_Exercise objective_:
Set out the records again, keeping every word as it is.

_Record set_:
• • •

lemma lreg_normalises_nu_image: "normalises (Perm G) (lreg G ` carrier G) (nu G \<psi> ` carrier G)"
proof (rule group.normalisesI[OF group_BijGroup])
  fix s t assume "s \<in> lreg G ` carrier G" "t \<in> nu G \<psi> ` carrier G"
  then obtain x g where x: "x \<in> carrier G" "s = lreg G x" and g: "g \<in> carrier G" "t = nu G \<psi> g"
    by blast
  have "inv\<^bsub>Perm G\<^esub> s = lreg G (inv x)"
    using x group_hom.hom_inv[OF group_hom_lreg, of x] by simp
  moreover have "inv\<^bsub>Perm G\<^esub> lreg G (inv x) = s"
    using x group_hom.hom_inv[OF group_hom_lreg, of "inv x"] by simp
  ultimately have "inv\<^bsub>Perm G\<^esub> s \<otimes>\<^bsub>Perm G\<^esub> t \<otimes>\<^bsub>Perm G\<^esub> s
      = lreg G (inv x) \<otimes>\<^bsub>Perm G\<^esub> t \<otimes>\<^bsub>Perm G\<^esub> inv\<^bsub>Perm G\<^esub> lreg G (inv x)"
    by simp
  then show "s \<otimes>\<^bsub>Perm G\<^esub> t \<otimes>\<^bsub>Perm G\<^esub> inv\<^bsub>Perm G\<^esub> s \<in> nu G \<psi> ` carrier G"
    "inv\<^bsub>Perm G\<^esub> s \<otimes>\<^bsub>Perm G\<^esub> t \<otimes>\<^bsub>Perm G\<^esub> s \<in> nu G \<psi> ` carrier G"
    using x g by (simp_all add: lreg_conj_nu)
qed (use nu_in_Perm group_hom.hom_closed[OF group_hom_lreg] in auto)

lemma lreg_in_nu_image_iff:
  "k \<in> carrier G \<Longrightarrow> lreg G k \<in> nu G \<psi> ` carrier G \<longleftrightarrow> \<psi> k \<in> group_center G"
  by (simp add: image_iff lreg_eq_lrreg lrreg_eq_nu_iff)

• • •

_Reply to the exercise_:
lemma lreg_normalises_nu_image: "normalises (Perm G) (lreg G ` carrier G) (nu G \<psi> ` carrier G)"
proof (rule group.normalisesI[OF group_BijGroup])
  fix s t assume "s \<in> lreg G ` carrier G" "t \<in> nu G \<psi> ` carrier G"
  then obtain x g where x: "x \<in> carrier G" "s = lreg G x" and g: "g \<in> carrier G" "t = nu G \<psi> g"
    by blast
  have "inv\<^bsub>Perm G\<^esub> s = lreg G (inv x)"
    using x group_hom.hom_inv[OF group_hom_lreg, of x] by simp
  moreover have "inv\<^bsub>Perm G\<^esub> lreg G (inv x) = s"
    using x group_hom.hom_inv[OF group_hom_lreg, of "inv x"] by simp
  ultimately have "inv\<^bsub>Perm G\<^esub> s \<otimes>\<^bsub>Perm G\<^esub> t \<otimes>\<^bsub>Perm G\<^esub> s
      = lreg G (inv x) \<otimes>\<^bsub>Perm G\<^esub> t \<otimes>\<^bsub>Perm G\<^esub> inv\<^bsub>Perm G\<^esub> lreg G (inv x)"
    by simp
  then show "s \<otimes>\<^bsub>Perm G\<^esub> t \<otimes>\<^bsub>Perm G\<^esub> inv\<^bsub>Perm G\<^esub> s \<in> nu G \<psi> ` carrier G"
    "inv\<^bsub>Perm G\<^esub> s \<otimes>\<^bsub>Perm G\<^esub> t \<otimes>\<^bsub>Perm G\<^esub> s \<in> nu G \<psi> ` carrier G"
    using x g by (simp_all add: lreg_conj_nu)
qed (use nu_in_Perm group_hom.hom_closed[OF group_hom_lreg] in auto)

lemma lreg_in_nu_image_iff:
  "k \<in> carrier G \<Longrightarrow> lreg G k \<in> nu G \<psi> ` carrier G \<longleftrightarrow> \<psi> k \<in> group_center G"
  by (simp add: image_iff lreg_eq_lrreg lrreg_eq_nu_iff)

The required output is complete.